Nel 2020, non tutti i paesi sono stati toccati dal lockdown culturale nella stessa maniera. È interessante notare che uno dei paesi in cui le sale sono state più penalizzate è proprio la Francia, paese natale del cinema, della sua religione, la cinefilia, e della sua chiesa, la Cinémathèque. Il cinema in Francia è cosa sacra o, perlomeno, lo era. Ora, anche in questo caso la censura appare durante una fase di deterritorializzazione. Da diversi anni il cinema ha invaso altri schermi oltre a quelli delle sale. I modi di produzione dominanti sono oramai legati allo streaming ben più che alla sala. La sala è un territorio residuale, sempre più inessenziale economicamente ma ancora centrale simbolicamente.
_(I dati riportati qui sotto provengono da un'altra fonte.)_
lemma closed_points_degree_2_transitive:
  fixes p0 p' q0 q' :: "('a ^ 3) set set"
  assumes "closed_point q 2 p0" "closed_point q 2 p'" "closed_point q 2 q0" "closed_point q 2 q'"
    and "general_position (p0 \<union> p')" "general_position (q0 \<union> q')"
  shows "\<exists>A. k_automorphism q A \<and> act A p0 = q0 \<and> act A p' = q'"
proof -
  let ?F = "frob_vec q"
  obtain v1 where v1: "p0 = {proj_pt v1, proj_pt (?F v1)}" "proj_pt (?F (?F v1)) = proj_pt v1"
    using assms(1) closed_point_degree_2 by blast
  obtain v2 where v2: "p' = {proj_pt v2, proj_pt (?F v2)}" "proj_pt (?F (?F v2)) = proj_pt v2"
    using assms(2) closed_point_degree_2 by blast
  obtain w1 where w1: "q0 = {proj_pt w1, proj_pt (?F w1)}" "proj_pt (?F (?F w1)) = proj_pt w1"
    using assms(3) closed_point_degree_2 by blast
  obtain w2 where w2: "q' = {proj_pt w2, proj_pt (?F w2)}" "proj_pt (?F (?F w2)) = proj_pt w2"
    using assms(4) closed_point_degree_2 by blast
  define u where "u = (!) [v1, ?F v1, v2, ?F v2]"
  define w where "w = (!) [w1, ?F w1, w2, ?F w2]"
  have "p0 \<union> p' = (\<lambda>i. proj_pt (u i)) ` {..<4}" "q0 \<union> q' = (\<lambda>i. proj_pt (w i)) ` {..<4}"
    unfolding u_def w_def v1 v2 w1 w2 lessThan_4 by auto
  then have "proj_frame u" "proj_frame w"
    using assms(5,6) general_position_proj_frame by metis+
  moreover have "\<forall>j<4. \<exists>i<4. proj_pt (?F (u i)) = proj_pt (u j) \<and>
                               proj_pt (?F (w i)) = proj_pt (w j)"
    unfolding all_less_4 ex_less_4 u_def w_def using v1(2) v2(2) w1(2) w2(2) by simp
  ultimately obtain A where A: "k_automorphism q A" "\<forall>i<4. proj_pt (A *v u i) = proj_pt (w i)"
    using proj_frame_map_descends by blast
  have "act A p0 = q0" "act A p' = q'"
    using A(2) unfolding all_less_4 u_def w_def v1 v2 w1 w2 by (simp_all add: act_def image_proj_pt)
  then show ?thesis
    using A(1) by blast
qed

lemma closed_points_degree_4_transitive:
  fixes p0 q0 :: "('a ^ 3) set set"
  assumes "closed_point q 4 p0" "closed_point q 4 q0" "general_position p0" "general_position q0"
  shows "\<exists>A. k_automorphism q A \<and> act A p0 = q0"
proof -
  obtain v where v: "p0 = (\<lambda>k. proj_pt ((frob_vec q ^^ k) v)) ` {..<4}"
    using assms(1) closed_point_orbit by blast
  obtain w where w: "q0 = (\<lambda>k. proj_pt ((frob_vec q ^^ k) w)) ` {..<4}"
    using assms(2) closed_point_orbit by blast
  have "proj_frame (\<lambda>k. (frob_vec q ^^ k) v)" "proj_frame (\<lambda>k. (frob_vec q ^^ k) w)"
    using assms(3,4) unfolding v w by (simp_all add: general_position_proj_frame)
  moreover have "frob_vec q (frob_vec q (frob_vec q (frob_vec q x))) = x" for x :: "'a ^ 3"
    using frob_vec_period[of x] by (simp add: numeral_eq_Suc)
  then have "\<forall>j<4. \<exists>i<4.
      proj_pt (frob_vec q ((frob_vec q ^^ i) v)) = proj_pt ((frob_vec q ^^ j) v) \<and>
      proj_pt (frob_vec q ((frob_vec q ^^ i) w)) = proj_pt ((frob_vec q ^^ j) w)"
    unfolding all_less_4 ex_less_4 by (simp add: numeral_eq_Suc)
  ultimately obtain A where A: "k_automorphism q A"
      "\<forall>i<4. proj_pt (A *v (frob_vec q ^^ i) v) = proj_pt ((frob_vec q ^^ i) w)"
    using proj_frame_map_descends by blast
  have "act A p0 = q0"
    unfolding v w act_image_proj_pt using A(2) by (intro image_cong) auto
  then show ?thesis
    using A(1) by blast
qed
(* Let $\Omega\subseteq\mathbb{R}^n$ ($n>1$) be open, let $\lambda\neq0$ be a complex number, let $\underline{f}$ be a vector-valued function on $\Omega$ and set $u=\partial_{\underline{x}}\underline{f}-\underline{f}^2$. Assume that $\underline{g}=\sum_{j=1}^n g_je_j$ is a vector-valued solution of \[\underline{g}\,(-\Delta_n+u)+2\sum_{j=1}^n g_j\,\partial_{x_j}\underline{f}=\lambda^2\underline{g}.\] Then the scalar-valued function $\phi=[\partial_{\underline{x}}^{-\underline{f}}\underline{g}]_0$ and the bivector-valued function $H_2=[\partial_{\underline{x}}^{-\underline{f}}\underline{g}]_2$ satisfy \[(\phi+H_2)(-\Delta_n+u)+2\sum_{j=1}^n [e_jH_2]_1\,\partial_{x_j}\underline{f}=\lambda^2(\phi+H_2).\] Here, for a Clifford-valued function $G$, $G(-\Delta_n+u)$ stands for $-\Delta_nG+G\,u$.
   Context: $\mathbb{R}_{0,n}$ is the real Clifford algebra generated by an orthonormal basis $e_1,\dots,e_n$ of $\mathbb{R}^n$ with relations $e_je_k+e_ke_j=-2\delta_{jk}$, with basis $e_A$ ($A\subseteq\{1,\dots,n\}$); $\mathbb{C}_n=\mathbb{R}_{0,n}\otimes\mathbb{C}$. For an element $a$, $[a]_k$ denotes its projection onto the $k$-vectors (span of $e_A$ with $|A|=k$); $0$-vectors are scalars, $2$-vectors bivectors. The Dirac operator is $\partial_{\underline{x}}=\sum_{j=1}^n e_j\partial_{x_j}$, acting from the left; $\Delta_n=-\partial_{\underline{x}}^2$ is the Laplacian. $M^f$ is right multiplication by $f$, and $\partial_{\underline{x}}^{-f}g=\partial_{\underline{x}}g-gf$. *)

theory Defs
  imports "HOL-Analysis.Analysis"
begin

text \<open>Complexified Clifford algebra C_n = R_{0,n} (x) C with generators indexed by a
finite linearly ordered type 'n (so n = CARD('n)).  An element is given by its
coefficients on the basis blades e_A, A a subset of the generator set.\<close>

type_synonym 'n cl = "'n set \<Rightarrow> complex"

text \<open>Sign in e_A e_B = sgn(A,B) e_(A symmetric difference B), using e_j e_j = -1.\<close>
definition blade_sign :: "'n::linorder set \<Rightarrow> 'n set \<Rightarrow> complex" where
  "blade_sign A B = (-1) ^ (card {(a, b). a \<in> A \<and> b \<in> B \<and> b < a} + card (A \<inter> B))"

definition cl_mult :: "('n::{finite,linorder}) cl \<Rightarrow> 'n cl \<Rightarrow> 'n cl" (infixl "\<otimes>\<^sub>c" 70) where
  "x \<otimes>\<^sub>c y = (\<lambda>C. \<Sum>A\<in>UNIV. blade_sign A (A - C \<union> (C - A)) * x A * y (A - C \<union> (C - A)))"

definition cl_add :: "'n cl \<Rightarrow> 'n cl \<Rightarrow> 'n cl" (infixl "\<oplus>\<^sub>c" 65) where
  "x \<oplus>\<^sub>c y = (\<lambda>A. x A + y A)"

definition cl_minus :: "'n cl \<Rightarrow> 'n cl \<Rightarrow> 'n cl" (infixl "\<ominus>\<^sub>c" 65) where
  "x \<ominus>\<^sub>c y = (\<lambda>A. x A - y A)"

definition cl_scale :: "complex \<Rightarrow> 'n cl \<Rightarrow> 'n cl" (infixr "\<cdot>\<^sub>c" 75) where
  "c \<cdot>\<^sub>c x = (\<lambda>A. c * x A)"

definition cl_sum :: "('i \<Rightarrow> 'n cl) \<Rightarrow> 'i set \<Rightarrow> 'n cl" where
  "cl_sum F I = (\<lambda>A. \<Sum>i\<in>I. F i A)"

definition cl_e :: "'n \<Rightarrow> 'n cl" where
  "cl_e j = (\<lambda>A. if A = {j} then 1 else 0)"

definition grade :: "nat \<Rightarrow> 'n cl \<Rightarrow> 'n cl" where
  "grade k x = (\<lambda>A. if card A = k then x A else 0)"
La pandemia ha dato al potere politico la possibilità di dissacrare definitivamente la sala in quanto luogo simbolico dell’essenza del cinema. Questo processo ha richiesto un livello di brutalità adeguato al prestigio che la settima arte rivestiva nell’immaginario collettivo. A chi lavora nel cinema è stato detto: eravate i primi, sarete gli ultimi. Colmo della umiliazione: valete meno dei luoghi di culto. Fine del culto.
Non è il contenuto del cinema ad essere attaccato. È il cinema (il teatro, il museo) in quanto luogo. Non ci si deve più riunire pubblicamente per l’arte. Ci si può riunire per il commercio. O per il culto. Ma non per l’arte. L’arte va consumata a casa, in famiglia, davanti ad uno schermo. È un grande Farenheit 451 che ha per oggetto non il contenuto del consumo ma il modo di consumo. La censura non colpisce un’ambizione di deterritorializzazione. Anzi, provoca la definitiva deterritorializzazione del cinema che da oggi sarà essere definitivamente pensato come un cosa privata.

ALLA BRUTALITÀ di questa censura politica ci si è opposti per il momento in maniera assai incoerente. Molti attori del settore preferiscono non vedere la natura del processo in atto. Le associazioni dei programmatori continuano ad agire con un riflesso sindacale, cercando di accompagnare dei processi decisi dalla politica. La pandemia conforta l’illusione che le misure prese rispondano ad un’eccezione e che, finita l’urgenza, si tornerà alla normalità. Essi chiedono alla politica di mitigare questo momento difficile con degli aiuti mirati. Altri vedono invece nella pandemia un acceleratore di processi già in atto da anni e che hanno vocazione a cambiare lo stato di cose per sempre. Per questi ultimi, che nel settore dello spettacolo sono una minoranza, il problema non è quello di chiedere aiuto al potere (ovvero a Macron) ma di combatterlo e di aprire le sale a chi si oppone al neoliberismo nelle strade (ovvero i Gilets Jaunes). Per loro, il problema non è più quello di proiettare i film che il circuito ordinario (nazionale e internazionale) distribuisce, ma sovvertire il processo produttivo per mettere le sale a disposizione delle lotte locali e delle immagini girate durante le manifestazioni (e che la legge cerca di rendere illegali).

TRA QUESTI due mondi, così distanti tra loro, e in cui l’antica separazione delle due sinistre trova una moderna incarnazione, c’è un terzo territorio. Ne fanno parte gli organizzatori delle proiezioni selvagge di questi ultimi mesi: a Marsiglia, a La Roche sur Yon, a Parigi, a Caen, alcuni programmatori (più o meno anonimi) hanno proiettato alcuni film sulle pareti di cinema, chiese, semplici case o palazzi. Difficile immaginare che questi eventi effimeri diventino delle pratiche diffuse, ma sono il segno di una volontà di costruire ponti tra tutti quelli che, in strada e nelle sale, rifiutano di arrendersi all’andamento spontaneo delle cose.